When a Hive table has values like maps or arrays, if you select it in the Hive client they are shown as JSON, e.g.: {"a":1,"b":1} or [1,2,2].

When you select those in Spark, they are map/array objects in the DataFrame. If you stringify each row they are Map("a" -> 1, "b" -> 1) or WrappedArray(1, 2, 2).

I want to have the same format as the Hive client when using Spark's HiveContext.

How can I do this?

Answer 1

Spark has its own functions to convert complex objects into their JSON representation.

Here is the documentation for the org.apache.spark.sql.functions package, which also comes with the to_json function that does the following:

Converts a column containing a StructType, ArrayType of StructTypes, a MapType or ArrayType of MapTypes into a JSON string with the specified schema. Throws an exception, in the case of an unsupported type.

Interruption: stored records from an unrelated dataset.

theorem corollary3p3:
  fixes G :: "real measure"
  assumes "prob_space G" and "sets G = sets borel" and "measure G {0..} = 1"
  shows "\<exists>\<theta>>0. \<forall>x1 x2 y1 y2 :: int.
    (\<integral>\<^sup>+ \<omega>. ennreal (exp (\<theta> * fpp_T \<omega> (x1, y1) (x2, y2))) \<partial>env_measure G) < \<infinity>"
proof -
  interpret G: real_distribution G
    using assms(1,2) by (simp add: real_distribution_def real_distribution_axioms_def)
  obtain a where tail: "measure G {a<..} \<le> 1/4"
    using order_tendstoD(2)[OF G.tendsto_measure_greaterThan_at_top, of "1/4"]
    by (auto simp: eventually_at_top_linorder dest: less_imp_le)
  have nonneg: "AE \<omega> in env_measure G. \<forall>s. 0 \<le> \<omega> s"
    using assms(1,3) by (rule AE_env_measure_nonneg)
  show ?thesis
  proof (intro exI[of _ "ln 2 / 2"] conjI allI)
    fix x1 x2 y1 y2 :: int
    let ?X = "{min x1 x2..<max x1 x2}"
    let ?C = "ennreal (exp (ln 2 / 2 * (of_int \<bar>y1 - y2\<bar> + of_int \<bar>x1 - x2\<bar> * a)))"
    have "(\<integral>\<^sup>+\<omega>. ennreal (exp (ln 2 / 2 * fpp_T \<omega> (x1, y1) (x2, y2))) \<partial>env_measure G) \<le>
        (\<integral>\<^sup>+\<omega>. ?C * (\<Prod>x\<in>?X. detour_weight a y2 x \<omega>) \<partial>env_measure G)"
      using nonneg
      by (intro nn_integral_mono_AE) (erule eventually_mono, rule exp_fpp_T_le_detour_weights, blast)
    also have "\<dots> = ?C * (\<integral>\<^sup>+\<omega>. (\<Prod>x\<in>?X. detour_weight a y2 x \<omega>) \<partial>env_measure G)"
      unfolding env_measure_def using assms(2)
      by (intro nn_integral_cmult borel_measurable_prod_ennreal borel_measurable_detour_weight) auto
    also have "\<dots> \<le> ?C * 2 ^ card ?X"
      unfolding env_measure_def
      by (intro mult_left_mono nn_integral_prod_detour_weights_le assms(1,2) tail) auto
    also have "\<dots> < \<infinity>"
      by (simp add: ennreal_mult_less_top power_less_top_ennreal)
    finally show "(\<integral>\<^sup>+\<omega>. ennreal (exp (ln 2 / 2 * fpp_T \<omega> (x1, y1) (x2, y2))) \<partial>env_measure G) < \<infinity>" .
  qed simp
qed

end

Here is a short example as ran on the spark-shell:

scala> val df = spark.createDataFrame(
     |   Seq(("hello", Map("a" -> 1)), ("world", Map("b" -> 2)))
     | ).toDF("name", "map")
df: org.apache.spark.sql.DataFrame = [name: string, map: map<string,int>]

scala> df.show
+-----+-----------+
| name|        map|
+-----+-----------+
|hello|Map(a -> 1)|
|world|Map(b -> 2)|
+-----+-----------+

scala> df.select($"name", to_json(struct($"map")) as "json").show
+-----+---------------+
| name|           json|
+-----+---------------+
|hello|{"map":{"a":1}}|
|world|{"map":{"b":2}}|
+-----+---------------+

Here is a similar example, with arrays instead of maps:

scala> val df = spark.createDataFrame(
     |   Seq(("hello", Seq("a", "b")), ("world", Seq("c", "d")))
     | ).toDF("name", "array")
df: org.apache.spark.sql.DataFrame = [name: string, array: array<string>]

scala> df.select($"name", to_json(struct($"array")) as "json").show
+-----+-------------------+
| name|               json|
+-----+-------------------+
|hello|{"array":["a","b"]}|
|world|{"array":["c","d"]}|
+-----+-------------------+